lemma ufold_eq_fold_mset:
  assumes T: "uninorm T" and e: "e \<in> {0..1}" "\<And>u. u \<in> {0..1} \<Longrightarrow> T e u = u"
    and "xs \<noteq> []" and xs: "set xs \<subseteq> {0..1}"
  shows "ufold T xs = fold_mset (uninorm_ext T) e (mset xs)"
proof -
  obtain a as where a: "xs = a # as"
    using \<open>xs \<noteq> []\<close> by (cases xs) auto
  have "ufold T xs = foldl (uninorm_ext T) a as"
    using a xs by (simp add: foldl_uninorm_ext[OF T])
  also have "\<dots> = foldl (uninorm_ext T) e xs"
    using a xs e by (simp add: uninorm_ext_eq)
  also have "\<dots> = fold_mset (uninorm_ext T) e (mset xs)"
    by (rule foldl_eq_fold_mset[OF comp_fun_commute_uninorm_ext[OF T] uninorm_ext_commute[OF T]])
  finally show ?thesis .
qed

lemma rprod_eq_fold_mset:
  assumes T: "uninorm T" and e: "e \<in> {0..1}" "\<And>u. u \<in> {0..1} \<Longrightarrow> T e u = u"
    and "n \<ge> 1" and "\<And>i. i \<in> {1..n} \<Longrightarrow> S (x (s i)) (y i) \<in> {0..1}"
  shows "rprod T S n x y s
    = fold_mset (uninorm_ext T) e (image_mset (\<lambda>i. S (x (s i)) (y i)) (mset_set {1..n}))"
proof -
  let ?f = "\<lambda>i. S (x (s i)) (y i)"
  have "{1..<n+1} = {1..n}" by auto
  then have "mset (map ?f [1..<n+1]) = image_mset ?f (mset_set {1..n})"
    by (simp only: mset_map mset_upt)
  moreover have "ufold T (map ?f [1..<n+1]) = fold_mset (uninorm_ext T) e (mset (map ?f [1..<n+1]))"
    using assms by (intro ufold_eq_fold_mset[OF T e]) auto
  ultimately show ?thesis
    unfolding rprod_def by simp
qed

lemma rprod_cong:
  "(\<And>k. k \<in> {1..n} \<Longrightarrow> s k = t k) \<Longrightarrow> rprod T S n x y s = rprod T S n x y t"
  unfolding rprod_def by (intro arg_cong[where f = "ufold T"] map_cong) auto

□ □ □ □

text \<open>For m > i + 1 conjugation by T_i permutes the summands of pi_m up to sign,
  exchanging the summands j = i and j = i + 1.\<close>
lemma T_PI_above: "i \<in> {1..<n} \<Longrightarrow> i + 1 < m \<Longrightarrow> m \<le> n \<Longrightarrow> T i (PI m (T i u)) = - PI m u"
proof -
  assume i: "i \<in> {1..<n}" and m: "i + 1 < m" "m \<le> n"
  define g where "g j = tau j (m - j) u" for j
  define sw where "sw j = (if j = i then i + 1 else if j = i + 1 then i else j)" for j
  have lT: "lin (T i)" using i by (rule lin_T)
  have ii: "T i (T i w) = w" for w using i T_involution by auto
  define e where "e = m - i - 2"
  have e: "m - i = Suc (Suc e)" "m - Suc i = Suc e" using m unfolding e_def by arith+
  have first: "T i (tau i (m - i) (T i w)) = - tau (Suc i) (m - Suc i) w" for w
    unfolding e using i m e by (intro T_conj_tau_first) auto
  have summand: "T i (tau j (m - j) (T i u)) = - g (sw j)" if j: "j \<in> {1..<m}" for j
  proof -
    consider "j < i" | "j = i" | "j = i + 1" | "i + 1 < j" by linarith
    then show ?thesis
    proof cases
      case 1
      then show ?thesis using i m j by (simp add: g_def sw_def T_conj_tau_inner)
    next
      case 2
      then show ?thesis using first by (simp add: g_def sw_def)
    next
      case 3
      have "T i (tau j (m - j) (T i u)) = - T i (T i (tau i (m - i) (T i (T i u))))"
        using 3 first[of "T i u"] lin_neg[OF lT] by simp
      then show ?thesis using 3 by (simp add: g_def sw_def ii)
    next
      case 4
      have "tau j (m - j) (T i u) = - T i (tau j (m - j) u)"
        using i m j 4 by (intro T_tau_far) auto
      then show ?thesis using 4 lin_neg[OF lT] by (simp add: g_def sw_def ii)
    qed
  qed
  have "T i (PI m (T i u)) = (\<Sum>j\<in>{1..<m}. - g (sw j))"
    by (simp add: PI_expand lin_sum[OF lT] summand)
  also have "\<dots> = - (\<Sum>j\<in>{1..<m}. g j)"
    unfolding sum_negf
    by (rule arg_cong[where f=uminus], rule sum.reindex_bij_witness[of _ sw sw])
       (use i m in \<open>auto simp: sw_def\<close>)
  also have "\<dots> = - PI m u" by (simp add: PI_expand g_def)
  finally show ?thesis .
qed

□ □ □ □

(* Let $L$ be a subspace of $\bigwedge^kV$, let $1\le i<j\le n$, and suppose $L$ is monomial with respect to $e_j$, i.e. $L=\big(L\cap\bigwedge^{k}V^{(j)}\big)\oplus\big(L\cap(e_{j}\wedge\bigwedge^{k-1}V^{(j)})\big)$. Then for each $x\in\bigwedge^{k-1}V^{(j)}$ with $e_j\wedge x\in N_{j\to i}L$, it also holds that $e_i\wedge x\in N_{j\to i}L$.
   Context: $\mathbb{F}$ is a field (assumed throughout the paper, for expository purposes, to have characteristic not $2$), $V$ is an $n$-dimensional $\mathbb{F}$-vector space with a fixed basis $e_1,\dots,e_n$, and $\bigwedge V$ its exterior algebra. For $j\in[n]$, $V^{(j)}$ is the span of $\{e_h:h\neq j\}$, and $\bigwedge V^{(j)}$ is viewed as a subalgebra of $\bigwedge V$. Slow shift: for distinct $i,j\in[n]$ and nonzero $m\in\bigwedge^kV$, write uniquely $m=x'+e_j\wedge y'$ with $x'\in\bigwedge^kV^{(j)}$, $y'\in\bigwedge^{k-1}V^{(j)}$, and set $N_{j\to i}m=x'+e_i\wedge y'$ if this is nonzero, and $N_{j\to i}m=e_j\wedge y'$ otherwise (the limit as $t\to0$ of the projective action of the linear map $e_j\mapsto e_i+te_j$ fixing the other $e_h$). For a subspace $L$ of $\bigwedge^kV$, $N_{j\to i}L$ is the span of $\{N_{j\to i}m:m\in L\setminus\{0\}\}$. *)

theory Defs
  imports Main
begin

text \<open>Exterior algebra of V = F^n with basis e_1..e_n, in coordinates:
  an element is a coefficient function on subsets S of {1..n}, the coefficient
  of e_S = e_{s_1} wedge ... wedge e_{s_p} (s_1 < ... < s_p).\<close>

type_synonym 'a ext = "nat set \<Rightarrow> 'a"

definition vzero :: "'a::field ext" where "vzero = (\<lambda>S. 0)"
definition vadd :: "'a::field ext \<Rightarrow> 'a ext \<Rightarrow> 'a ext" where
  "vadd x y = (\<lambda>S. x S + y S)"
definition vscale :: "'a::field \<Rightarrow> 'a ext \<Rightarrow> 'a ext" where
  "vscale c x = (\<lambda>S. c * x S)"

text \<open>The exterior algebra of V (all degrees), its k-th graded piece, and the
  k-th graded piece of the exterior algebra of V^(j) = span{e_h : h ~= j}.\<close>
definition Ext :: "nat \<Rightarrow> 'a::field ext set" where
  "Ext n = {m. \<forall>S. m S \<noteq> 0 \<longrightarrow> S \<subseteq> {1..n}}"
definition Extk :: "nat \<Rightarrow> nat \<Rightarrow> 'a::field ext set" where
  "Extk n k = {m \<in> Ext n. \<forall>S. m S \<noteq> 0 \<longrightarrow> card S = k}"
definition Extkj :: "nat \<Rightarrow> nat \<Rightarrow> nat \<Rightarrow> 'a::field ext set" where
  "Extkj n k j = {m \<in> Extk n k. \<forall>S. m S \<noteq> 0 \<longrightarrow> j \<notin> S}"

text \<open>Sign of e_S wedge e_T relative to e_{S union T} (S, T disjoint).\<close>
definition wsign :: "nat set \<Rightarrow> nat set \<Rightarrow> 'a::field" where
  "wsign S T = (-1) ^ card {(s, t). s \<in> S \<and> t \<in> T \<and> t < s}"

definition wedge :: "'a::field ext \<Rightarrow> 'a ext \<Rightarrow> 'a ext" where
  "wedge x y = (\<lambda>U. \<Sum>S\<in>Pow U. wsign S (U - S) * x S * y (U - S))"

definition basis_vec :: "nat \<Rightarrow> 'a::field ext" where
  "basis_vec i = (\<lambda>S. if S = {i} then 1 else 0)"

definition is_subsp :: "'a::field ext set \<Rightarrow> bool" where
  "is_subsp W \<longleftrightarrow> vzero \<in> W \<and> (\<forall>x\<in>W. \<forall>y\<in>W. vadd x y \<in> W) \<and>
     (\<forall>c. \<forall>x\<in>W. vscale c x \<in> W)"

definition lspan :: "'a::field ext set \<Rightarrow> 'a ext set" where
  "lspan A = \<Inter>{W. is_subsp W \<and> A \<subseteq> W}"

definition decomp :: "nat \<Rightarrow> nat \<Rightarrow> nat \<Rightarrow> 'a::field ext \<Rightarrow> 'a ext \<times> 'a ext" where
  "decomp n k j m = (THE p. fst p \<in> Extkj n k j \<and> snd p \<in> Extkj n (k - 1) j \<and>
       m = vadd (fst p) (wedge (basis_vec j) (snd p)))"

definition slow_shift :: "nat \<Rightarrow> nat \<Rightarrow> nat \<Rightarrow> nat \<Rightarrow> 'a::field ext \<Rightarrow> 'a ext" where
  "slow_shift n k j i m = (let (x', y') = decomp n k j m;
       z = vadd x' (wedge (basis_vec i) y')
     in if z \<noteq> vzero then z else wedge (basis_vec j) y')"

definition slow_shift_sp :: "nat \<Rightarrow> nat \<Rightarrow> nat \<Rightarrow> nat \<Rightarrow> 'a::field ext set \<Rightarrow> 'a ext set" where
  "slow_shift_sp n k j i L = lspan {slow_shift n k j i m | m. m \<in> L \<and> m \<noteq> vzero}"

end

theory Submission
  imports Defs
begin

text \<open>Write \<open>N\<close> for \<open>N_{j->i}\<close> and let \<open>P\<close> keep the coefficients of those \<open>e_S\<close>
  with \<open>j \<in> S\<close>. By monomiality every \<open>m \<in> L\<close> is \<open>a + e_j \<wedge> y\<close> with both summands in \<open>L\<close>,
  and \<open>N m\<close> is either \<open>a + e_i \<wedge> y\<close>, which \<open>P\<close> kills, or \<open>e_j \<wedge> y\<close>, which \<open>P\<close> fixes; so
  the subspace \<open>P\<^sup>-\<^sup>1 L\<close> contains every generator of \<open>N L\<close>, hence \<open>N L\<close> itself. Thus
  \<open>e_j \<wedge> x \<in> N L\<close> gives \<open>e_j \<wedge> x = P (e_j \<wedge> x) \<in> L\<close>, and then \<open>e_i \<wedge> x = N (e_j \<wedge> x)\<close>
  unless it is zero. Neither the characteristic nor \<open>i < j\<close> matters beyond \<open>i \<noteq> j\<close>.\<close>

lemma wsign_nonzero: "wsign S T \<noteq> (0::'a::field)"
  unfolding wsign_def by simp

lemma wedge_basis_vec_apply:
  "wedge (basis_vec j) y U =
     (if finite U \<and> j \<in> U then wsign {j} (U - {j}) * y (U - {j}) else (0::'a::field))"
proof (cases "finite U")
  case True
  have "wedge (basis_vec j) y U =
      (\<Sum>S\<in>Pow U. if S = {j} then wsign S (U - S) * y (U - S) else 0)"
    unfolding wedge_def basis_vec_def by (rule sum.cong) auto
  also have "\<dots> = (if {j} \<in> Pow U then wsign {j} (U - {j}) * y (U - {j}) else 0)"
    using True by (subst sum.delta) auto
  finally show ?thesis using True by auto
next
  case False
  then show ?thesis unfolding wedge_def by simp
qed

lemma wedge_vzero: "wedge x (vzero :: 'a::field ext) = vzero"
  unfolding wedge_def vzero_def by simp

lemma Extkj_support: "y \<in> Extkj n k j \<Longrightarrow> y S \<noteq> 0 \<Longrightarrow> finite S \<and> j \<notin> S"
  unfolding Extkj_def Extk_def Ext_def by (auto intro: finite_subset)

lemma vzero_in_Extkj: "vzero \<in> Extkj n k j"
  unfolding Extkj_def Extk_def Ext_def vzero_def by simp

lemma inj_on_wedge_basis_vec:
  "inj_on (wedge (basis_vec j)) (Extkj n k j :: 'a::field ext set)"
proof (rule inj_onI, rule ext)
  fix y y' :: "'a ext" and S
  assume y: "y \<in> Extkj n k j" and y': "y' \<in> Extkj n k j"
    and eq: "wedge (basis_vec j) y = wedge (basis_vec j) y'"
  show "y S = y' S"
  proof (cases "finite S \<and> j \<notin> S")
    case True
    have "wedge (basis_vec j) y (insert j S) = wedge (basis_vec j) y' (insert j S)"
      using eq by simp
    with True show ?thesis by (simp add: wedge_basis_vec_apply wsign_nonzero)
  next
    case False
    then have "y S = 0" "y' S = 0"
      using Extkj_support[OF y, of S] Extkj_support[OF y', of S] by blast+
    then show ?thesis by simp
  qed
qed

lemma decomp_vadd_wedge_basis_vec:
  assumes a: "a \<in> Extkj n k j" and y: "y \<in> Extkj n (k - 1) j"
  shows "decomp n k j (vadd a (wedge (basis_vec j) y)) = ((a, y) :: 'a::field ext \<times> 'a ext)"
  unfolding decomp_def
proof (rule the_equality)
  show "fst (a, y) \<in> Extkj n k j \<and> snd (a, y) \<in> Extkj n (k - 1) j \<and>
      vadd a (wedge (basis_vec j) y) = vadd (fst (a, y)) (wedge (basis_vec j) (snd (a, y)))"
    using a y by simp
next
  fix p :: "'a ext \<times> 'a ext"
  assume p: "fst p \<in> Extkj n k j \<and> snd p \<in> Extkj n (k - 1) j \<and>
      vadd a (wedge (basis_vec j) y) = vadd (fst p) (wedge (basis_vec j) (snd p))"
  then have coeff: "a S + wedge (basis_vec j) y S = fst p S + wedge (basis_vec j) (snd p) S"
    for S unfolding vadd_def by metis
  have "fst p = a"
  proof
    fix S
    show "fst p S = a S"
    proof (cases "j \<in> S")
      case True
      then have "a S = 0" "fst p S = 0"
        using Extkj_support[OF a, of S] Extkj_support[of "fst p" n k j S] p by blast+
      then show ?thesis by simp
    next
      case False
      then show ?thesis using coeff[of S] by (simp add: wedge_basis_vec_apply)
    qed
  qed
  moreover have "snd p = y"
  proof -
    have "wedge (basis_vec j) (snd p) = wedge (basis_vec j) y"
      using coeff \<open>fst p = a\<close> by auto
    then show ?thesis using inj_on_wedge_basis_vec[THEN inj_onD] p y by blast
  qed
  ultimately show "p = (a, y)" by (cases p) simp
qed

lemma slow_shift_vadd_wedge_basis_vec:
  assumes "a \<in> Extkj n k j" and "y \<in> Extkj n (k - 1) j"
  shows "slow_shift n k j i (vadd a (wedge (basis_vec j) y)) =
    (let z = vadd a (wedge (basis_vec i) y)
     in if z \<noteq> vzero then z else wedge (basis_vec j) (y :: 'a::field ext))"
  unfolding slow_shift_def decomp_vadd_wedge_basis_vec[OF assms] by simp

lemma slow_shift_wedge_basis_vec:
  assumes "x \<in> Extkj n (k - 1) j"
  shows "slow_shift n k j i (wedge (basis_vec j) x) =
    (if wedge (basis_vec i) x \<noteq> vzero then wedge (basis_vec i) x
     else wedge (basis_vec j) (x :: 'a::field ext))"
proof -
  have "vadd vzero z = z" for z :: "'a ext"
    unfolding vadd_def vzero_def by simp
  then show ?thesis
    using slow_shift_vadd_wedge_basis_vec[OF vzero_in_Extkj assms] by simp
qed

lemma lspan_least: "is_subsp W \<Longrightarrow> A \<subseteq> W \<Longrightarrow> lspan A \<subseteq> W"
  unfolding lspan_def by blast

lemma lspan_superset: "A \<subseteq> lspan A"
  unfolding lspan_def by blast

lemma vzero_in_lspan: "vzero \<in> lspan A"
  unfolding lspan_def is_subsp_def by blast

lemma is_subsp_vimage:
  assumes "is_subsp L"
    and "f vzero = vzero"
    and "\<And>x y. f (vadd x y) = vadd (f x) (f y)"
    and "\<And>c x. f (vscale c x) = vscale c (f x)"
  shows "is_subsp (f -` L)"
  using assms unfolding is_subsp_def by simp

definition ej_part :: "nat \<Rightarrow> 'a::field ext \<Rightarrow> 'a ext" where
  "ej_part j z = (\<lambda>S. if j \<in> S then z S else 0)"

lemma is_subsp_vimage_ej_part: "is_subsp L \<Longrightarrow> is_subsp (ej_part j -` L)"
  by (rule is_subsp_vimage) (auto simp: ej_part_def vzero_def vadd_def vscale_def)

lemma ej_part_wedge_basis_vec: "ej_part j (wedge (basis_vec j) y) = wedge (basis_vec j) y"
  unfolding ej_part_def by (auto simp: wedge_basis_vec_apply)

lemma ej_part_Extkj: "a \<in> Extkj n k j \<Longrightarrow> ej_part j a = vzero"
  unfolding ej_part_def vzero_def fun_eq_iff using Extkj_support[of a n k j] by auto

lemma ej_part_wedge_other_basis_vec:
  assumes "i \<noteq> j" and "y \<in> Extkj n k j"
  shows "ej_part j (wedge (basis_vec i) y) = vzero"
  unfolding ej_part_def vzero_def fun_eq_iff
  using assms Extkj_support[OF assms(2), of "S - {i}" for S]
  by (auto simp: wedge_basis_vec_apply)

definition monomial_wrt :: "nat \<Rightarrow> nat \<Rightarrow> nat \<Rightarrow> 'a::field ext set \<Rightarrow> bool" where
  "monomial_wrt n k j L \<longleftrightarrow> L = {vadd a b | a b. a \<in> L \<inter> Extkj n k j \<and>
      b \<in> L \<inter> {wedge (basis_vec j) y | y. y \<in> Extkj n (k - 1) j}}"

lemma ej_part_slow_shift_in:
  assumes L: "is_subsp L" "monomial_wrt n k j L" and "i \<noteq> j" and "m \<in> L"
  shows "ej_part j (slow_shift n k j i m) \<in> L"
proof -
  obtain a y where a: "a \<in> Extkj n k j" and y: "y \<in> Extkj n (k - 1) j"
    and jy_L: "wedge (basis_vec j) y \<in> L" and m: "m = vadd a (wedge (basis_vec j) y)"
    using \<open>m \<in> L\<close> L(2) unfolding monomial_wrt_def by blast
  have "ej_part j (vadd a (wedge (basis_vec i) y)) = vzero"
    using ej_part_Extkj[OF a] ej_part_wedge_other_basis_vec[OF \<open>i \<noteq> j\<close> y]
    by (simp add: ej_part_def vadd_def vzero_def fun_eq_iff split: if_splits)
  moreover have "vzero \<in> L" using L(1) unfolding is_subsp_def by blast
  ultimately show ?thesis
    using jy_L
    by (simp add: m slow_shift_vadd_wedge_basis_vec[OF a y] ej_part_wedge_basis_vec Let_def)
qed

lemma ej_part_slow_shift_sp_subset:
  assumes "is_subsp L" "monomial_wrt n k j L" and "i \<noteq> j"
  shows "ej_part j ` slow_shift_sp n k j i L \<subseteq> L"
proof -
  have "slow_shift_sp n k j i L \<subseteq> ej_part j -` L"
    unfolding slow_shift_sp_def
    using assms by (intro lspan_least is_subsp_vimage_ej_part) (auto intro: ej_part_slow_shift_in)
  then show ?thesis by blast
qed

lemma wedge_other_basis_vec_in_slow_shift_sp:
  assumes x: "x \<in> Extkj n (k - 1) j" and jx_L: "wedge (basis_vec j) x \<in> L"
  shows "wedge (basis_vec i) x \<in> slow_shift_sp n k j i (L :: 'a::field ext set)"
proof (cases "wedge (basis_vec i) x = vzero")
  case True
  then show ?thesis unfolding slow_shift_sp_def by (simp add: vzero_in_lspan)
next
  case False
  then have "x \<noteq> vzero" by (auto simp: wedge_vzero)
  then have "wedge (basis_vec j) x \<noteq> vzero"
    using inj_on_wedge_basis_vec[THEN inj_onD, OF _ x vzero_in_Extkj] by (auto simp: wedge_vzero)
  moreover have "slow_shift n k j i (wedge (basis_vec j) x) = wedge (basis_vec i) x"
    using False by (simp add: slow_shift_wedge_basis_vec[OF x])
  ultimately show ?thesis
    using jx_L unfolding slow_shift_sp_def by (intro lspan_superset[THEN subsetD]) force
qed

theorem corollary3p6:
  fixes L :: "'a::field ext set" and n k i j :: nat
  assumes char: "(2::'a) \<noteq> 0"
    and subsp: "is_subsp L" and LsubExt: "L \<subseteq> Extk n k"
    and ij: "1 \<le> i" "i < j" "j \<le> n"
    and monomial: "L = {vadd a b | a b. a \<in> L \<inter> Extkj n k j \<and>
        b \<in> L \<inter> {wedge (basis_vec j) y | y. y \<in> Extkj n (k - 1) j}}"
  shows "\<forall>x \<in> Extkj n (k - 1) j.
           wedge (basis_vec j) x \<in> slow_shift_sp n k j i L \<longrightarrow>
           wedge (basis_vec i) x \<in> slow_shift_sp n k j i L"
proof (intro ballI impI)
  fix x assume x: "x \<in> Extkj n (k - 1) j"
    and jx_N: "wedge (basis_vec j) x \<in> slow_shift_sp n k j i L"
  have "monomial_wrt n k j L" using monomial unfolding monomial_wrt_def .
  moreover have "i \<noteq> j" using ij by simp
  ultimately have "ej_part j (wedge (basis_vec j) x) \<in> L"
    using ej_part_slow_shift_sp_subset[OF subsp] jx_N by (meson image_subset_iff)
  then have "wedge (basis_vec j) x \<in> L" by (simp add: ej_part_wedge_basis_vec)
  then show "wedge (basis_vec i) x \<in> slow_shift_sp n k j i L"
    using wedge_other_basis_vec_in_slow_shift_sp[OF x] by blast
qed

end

□ □ □ □

=== Brief ===
All lines carrying the word "lambda" must be copied from the data above.

=== Response ===
    = fold_mset (uninorm_ext T) e (image_mset (\<lambda>i. S (x (s i)) (y i)) (mset_set {1..n}))"
  let ?f = "\<lambda>i. S (x (s i)) (y i)"
definition vzero :: "'a::field ext" where "vzero = (\<lambda>S. 0)"
  "vadd x y = (\<lambda>S. x S + y S)"
  "vscale c x = (\<lambda>S. c * x S)"
  "wedge x y = (\<lambda>U. \<Sum>S\<in>Pow U. wsign S (U - S) * x S * y (U - S))"
  "basis_vec i = (\<lambda>S. if S = {i} then 1 else 0)"
  "ej_part j z = (\<lambda>S. if j \<in> S then z S else 0)"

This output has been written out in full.